2010-03-28

The story of S

Once again, I have spent the last Thursday evening with Miss I. It came as a surprise, as she was supposed to have something else to do. Anyway, as usual, she came up with a conversation that acted like a long fuse, the kind that triggers the sudden realisation that you have been missing on something for years, waking you up the following night. 20+ years in this case.

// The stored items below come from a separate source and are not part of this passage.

lemma Gq_symplectic_similitude:
  fixes M :: "'a::{field,finite}^4^4"
  assumes card: "CARD('a) \<ge> 5" and "M \<in> Gq"
  shows "symplectic_similitude M"
proof -
  have inv: "invertible M" and cubic: "(*v) M ` twisted_cubic \<subseteq> twisted_cubic"
    using assms(2) by (auto simp: Gq_def proj_fixes_def)
  have "M *v cubic_point 1 0 \<in> twisted_cubic" "M *v cubic_point 0 1 \<in> twisted_cubic"
    using cubic cubic_point_in_twisted_cubic[of 1 0] cubic_point_in_twisted_cubic[of 0 1] by auto
  then obtain c1 p1 p2 c2 q1 q2
    where P: "c1 \<noteq> 0" "p1 \<noteq> 0 \<or> p2 \<noteq> 0" "M *v cubic_point 1 0 = c1 *s cubic_point p1 p2"
      and Q: "M *v cubic_point 0 1 = c2 *s cubic_point q1 q2"
    unfolding twisted_cubic_iff by blast
  define D where "D = p1 * q2 - p2 * q1"
  have "D \<noteq> 0"
    unfolding D_def using cubic_ends_images_independent[OF inv P Q] .
  \<comment> \<open>N moves the images of the two ends back to the ends\<close>
  define N where "N = cubic_lift q2 (- q1) (- p2) p1"
  have det: "q2 * p1 - (- q1) * (- p2) = D"
    by (simp add: D_def algebra_simps)
  obtain \<beta> \<gamma> where "\<beta> * \<gamma> = (c1 * D^3) * (c2 * D^3)"
    and "\<And>x. (N ** M) *v x = vec4 ((c1 * D^3) * x$1) (\<beta> * x$2) (\<gamma> * x$3) ((c2 * D^3) * x$4)"
  proof (rule diagonal_if_fixes_ends_of_twisted_cubic[OF card])
    show "invertible (N ** M)"
      using invertible_mult invertible_cubic_lift inv \<open>D \<noteq> 0\<close> det unfolding N_def by metis
    have "N *v v \<in> twisted_cubic" if "v \<in> twisted_cubic" for v
      unfolding N_def using \<open>D \<noteq> 0\<close> det that by (intro cubic_lift_preserves_twisted_cubic) auto
    then show "(*v) (N ** M) ` twisted_cubic \<subseteq> twisted_cubic"
      using cubic by (auto simp: matrix_vector_mul_assoc[symmetric])
    have "(N ** M) *v cubic_point 1 0 = c1 *s cubic_point D 0"
      and "(N ** M) *v cubic_point 0 1 = c2 *s cubic_point 0 D"
      using P(3) Q
      by (simp_all add: N_def matrix_vector_mul_assoc[symmetric] vector_scalar_commute
          cubic_lift_cubic_point D_def algebra_simps)
    then show "(N ** M) *v vec4 1 0 0 0 = vec4 (c1 * D^3) 0 0 0"
      and "(N ** M) *v vec4 0 0 0 1 = vec4 0 0 0 (c2 * D^3)"
      unfolding cubic_point_def by (simp_all add: vec4_eq_iff)
  qed (rule that)
  then have "symplectic_similitude (N ** M)"
    by (rule symplectic_similitude_diagonal)
  moreover have "polar_form (N *v x) (N *v y) = D^3 * polar_form x y" for x y
    unfolding N_def polar_form_cubic_lift det ..
  moreover have "D^3 \<noteq> 0"
    using \<open>D \<noteq> 0\<close> by simp
  ultimately show ?thesis
    by (rule symplectic_similitude_cancel_left)
qed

She asked me about someone I went to high school with. She knew her from college, and found S quite distasteful. I told her that she once was a very good friend of mine, and that she indeed turned out to be a less than a sterling person.
S is very intelligent: math and language oriented, with a lot of people skills and a daring attitude. She had a supportive family, was quite popular, fun to be with and a great friend of mine when I had trouble adjusting. My surrogate A at the time.
Then her older sister died. Her older sister was just like her, really brilliant. I do not know, I cannot explain what happened. The only thing I know is what I saw: a family being transformed. They all stayed together, of course, but, in a way, they took her death as a failure. They lost something more than a loved one. Something good was broken, and replaced by the intimate understanding that life is indeed too short.
I'll leave it at that.
Things changed, we were still friends but not that close any more. Then we grew apart.
We lost touch a few years later. I heard of her and her family. And what I heard through different channels, some of them very public, some other informal and very private didn't really made me want to get back in touch.
I'll leave it at that too.

But, beyond some vague feelings and half formed opinions, I hadn't seriously thought about this episode and how it had affected me, even though it got me to adopt a very well defined and consequential attitude toward some people.
Thanks to Miss I and a funny dream, I now know.
Basically, I have found out what I already knew and had never formulated.

Two kinds of people get my attention: those who serve, because they believe in something bigger than themselves ; and those who hack, in a very broad sense, because they question systems that shouldn't be able to deprive us from basic dignity.
But only those who exhibit these two traits gain my respect.
Serving without hacking is being a mindless drone. Hacking without serving is being blindly self serving. You must have purpose and the means and will to question your purposes.
 

Motivation, intention, will and means. We always get back to those.